• PROBLEM STATEMENT: Every line holding "with" should be copied from the records below.

BEGIN SUPPLIED MATERIAL

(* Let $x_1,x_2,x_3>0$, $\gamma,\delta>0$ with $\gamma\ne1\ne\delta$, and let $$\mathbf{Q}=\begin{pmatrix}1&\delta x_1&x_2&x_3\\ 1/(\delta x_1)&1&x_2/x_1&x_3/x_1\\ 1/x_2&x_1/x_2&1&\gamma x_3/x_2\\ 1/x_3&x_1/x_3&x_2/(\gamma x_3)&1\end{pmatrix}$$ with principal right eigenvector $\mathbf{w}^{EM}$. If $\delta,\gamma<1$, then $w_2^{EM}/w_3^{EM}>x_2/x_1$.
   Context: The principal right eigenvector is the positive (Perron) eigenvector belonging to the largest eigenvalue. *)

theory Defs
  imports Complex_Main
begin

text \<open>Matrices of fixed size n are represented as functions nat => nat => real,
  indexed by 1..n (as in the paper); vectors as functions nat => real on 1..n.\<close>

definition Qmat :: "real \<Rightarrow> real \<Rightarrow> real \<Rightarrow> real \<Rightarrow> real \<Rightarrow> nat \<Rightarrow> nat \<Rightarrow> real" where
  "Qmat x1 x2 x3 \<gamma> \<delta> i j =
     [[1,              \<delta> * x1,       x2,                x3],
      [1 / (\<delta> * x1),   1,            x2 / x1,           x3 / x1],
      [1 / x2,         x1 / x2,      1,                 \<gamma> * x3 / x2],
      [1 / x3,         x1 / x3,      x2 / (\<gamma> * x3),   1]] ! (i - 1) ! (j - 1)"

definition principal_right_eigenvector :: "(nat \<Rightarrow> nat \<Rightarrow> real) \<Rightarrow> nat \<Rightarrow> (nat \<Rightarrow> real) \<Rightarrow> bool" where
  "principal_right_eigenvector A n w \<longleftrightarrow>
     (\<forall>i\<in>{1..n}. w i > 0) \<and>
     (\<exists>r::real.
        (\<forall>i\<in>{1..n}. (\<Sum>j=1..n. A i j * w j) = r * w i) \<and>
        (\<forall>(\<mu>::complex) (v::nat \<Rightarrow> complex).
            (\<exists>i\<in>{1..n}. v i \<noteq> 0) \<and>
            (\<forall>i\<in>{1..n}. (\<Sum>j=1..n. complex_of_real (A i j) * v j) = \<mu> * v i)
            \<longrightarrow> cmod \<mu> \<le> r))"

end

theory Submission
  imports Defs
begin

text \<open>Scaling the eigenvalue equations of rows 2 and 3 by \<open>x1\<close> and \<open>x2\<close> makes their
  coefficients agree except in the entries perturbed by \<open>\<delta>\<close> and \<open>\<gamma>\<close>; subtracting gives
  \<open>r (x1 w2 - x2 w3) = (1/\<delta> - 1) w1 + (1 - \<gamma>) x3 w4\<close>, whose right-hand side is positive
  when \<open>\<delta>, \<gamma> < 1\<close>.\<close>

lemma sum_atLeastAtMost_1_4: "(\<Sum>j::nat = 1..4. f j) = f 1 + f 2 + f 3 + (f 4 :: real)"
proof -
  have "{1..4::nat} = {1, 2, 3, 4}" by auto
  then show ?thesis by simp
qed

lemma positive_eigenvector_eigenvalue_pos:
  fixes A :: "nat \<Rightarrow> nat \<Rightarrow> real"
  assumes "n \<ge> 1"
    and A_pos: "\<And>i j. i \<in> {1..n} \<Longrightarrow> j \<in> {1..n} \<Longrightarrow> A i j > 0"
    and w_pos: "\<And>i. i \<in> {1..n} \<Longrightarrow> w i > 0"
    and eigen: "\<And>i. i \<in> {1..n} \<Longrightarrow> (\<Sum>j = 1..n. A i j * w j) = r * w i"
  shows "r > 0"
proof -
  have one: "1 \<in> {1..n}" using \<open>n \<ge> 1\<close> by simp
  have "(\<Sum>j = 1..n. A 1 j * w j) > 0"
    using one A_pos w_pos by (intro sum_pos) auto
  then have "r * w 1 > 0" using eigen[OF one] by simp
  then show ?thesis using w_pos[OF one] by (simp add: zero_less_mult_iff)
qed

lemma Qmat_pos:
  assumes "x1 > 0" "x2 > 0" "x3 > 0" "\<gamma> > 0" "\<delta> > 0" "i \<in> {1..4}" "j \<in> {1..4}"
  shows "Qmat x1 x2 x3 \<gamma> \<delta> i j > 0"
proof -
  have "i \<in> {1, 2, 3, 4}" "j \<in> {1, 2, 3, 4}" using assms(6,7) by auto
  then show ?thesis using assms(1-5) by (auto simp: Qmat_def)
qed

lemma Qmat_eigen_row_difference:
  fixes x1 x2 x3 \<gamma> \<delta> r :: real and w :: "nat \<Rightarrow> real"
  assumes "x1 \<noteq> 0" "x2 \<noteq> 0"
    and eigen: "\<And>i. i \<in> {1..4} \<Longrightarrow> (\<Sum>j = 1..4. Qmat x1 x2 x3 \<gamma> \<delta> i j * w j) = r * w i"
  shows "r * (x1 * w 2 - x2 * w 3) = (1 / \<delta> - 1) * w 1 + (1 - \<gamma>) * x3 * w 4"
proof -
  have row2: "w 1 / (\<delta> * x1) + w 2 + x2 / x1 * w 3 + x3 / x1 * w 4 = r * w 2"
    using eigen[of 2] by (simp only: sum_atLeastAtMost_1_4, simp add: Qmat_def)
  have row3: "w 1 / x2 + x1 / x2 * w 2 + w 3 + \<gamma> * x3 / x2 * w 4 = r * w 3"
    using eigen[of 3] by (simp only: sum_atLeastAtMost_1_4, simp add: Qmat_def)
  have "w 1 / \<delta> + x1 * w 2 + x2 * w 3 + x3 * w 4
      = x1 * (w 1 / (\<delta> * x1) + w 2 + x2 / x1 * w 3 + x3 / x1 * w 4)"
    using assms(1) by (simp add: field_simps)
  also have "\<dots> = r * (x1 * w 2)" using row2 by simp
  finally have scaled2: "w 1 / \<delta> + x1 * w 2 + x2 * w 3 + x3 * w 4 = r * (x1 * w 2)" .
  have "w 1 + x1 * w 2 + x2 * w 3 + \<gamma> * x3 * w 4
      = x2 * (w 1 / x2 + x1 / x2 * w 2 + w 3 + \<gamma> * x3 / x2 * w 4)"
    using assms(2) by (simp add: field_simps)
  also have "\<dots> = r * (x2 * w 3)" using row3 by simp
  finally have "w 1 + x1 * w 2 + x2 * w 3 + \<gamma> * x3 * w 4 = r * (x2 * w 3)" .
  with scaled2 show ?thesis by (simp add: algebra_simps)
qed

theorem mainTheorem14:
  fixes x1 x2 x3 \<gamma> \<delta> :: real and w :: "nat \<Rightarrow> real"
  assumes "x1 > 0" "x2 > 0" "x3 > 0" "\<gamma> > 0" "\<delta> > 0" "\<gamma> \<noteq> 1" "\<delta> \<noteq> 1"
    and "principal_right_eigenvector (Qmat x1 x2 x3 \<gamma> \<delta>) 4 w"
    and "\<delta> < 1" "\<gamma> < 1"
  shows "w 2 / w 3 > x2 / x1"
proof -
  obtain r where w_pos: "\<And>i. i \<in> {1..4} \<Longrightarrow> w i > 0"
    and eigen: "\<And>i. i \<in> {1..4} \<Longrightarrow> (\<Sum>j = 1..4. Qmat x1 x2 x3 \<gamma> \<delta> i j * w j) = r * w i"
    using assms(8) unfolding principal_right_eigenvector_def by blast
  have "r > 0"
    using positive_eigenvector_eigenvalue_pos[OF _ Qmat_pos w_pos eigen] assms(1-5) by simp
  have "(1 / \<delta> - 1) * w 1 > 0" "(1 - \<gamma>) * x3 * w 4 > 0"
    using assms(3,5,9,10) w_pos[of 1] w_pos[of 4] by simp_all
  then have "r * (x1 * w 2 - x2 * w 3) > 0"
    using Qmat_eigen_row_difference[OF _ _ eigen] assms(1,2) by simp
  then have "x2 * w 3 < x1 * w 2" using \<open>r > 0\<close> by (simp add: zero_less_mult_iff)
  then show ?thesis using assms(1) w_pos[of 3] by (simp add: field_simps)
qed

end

END SUPPLIED MATERIAL

• WRITTEN RESPONSE:
(* Let $x_1,x_2,x_3>0$, $\gamma,\delta>0$ with $\gamma\ne1\ne\delta$, and let $$\mathbf{Q}=\begin{pmatrix}1&\delta x_1&x_2&x_3\\ 1/(\delta x_1)&1&x_2/x_1&x_3/x_1\\ 1/x_2&x_1/x_2&1&\gamma x_3/x_2\\ 1/x_3&x_1/x_3&x_2/(\gamma x_3)&1\end{pmatrix}$$ with principal right eigenvector $\mathbf{w}^{EM}$. If $\delta,\gamma<1$, then $w_2^{EM}/w_3^{EM}>x_2/x_1$.
  with scaled2 show ?thesis by (simp add: algebra_simps)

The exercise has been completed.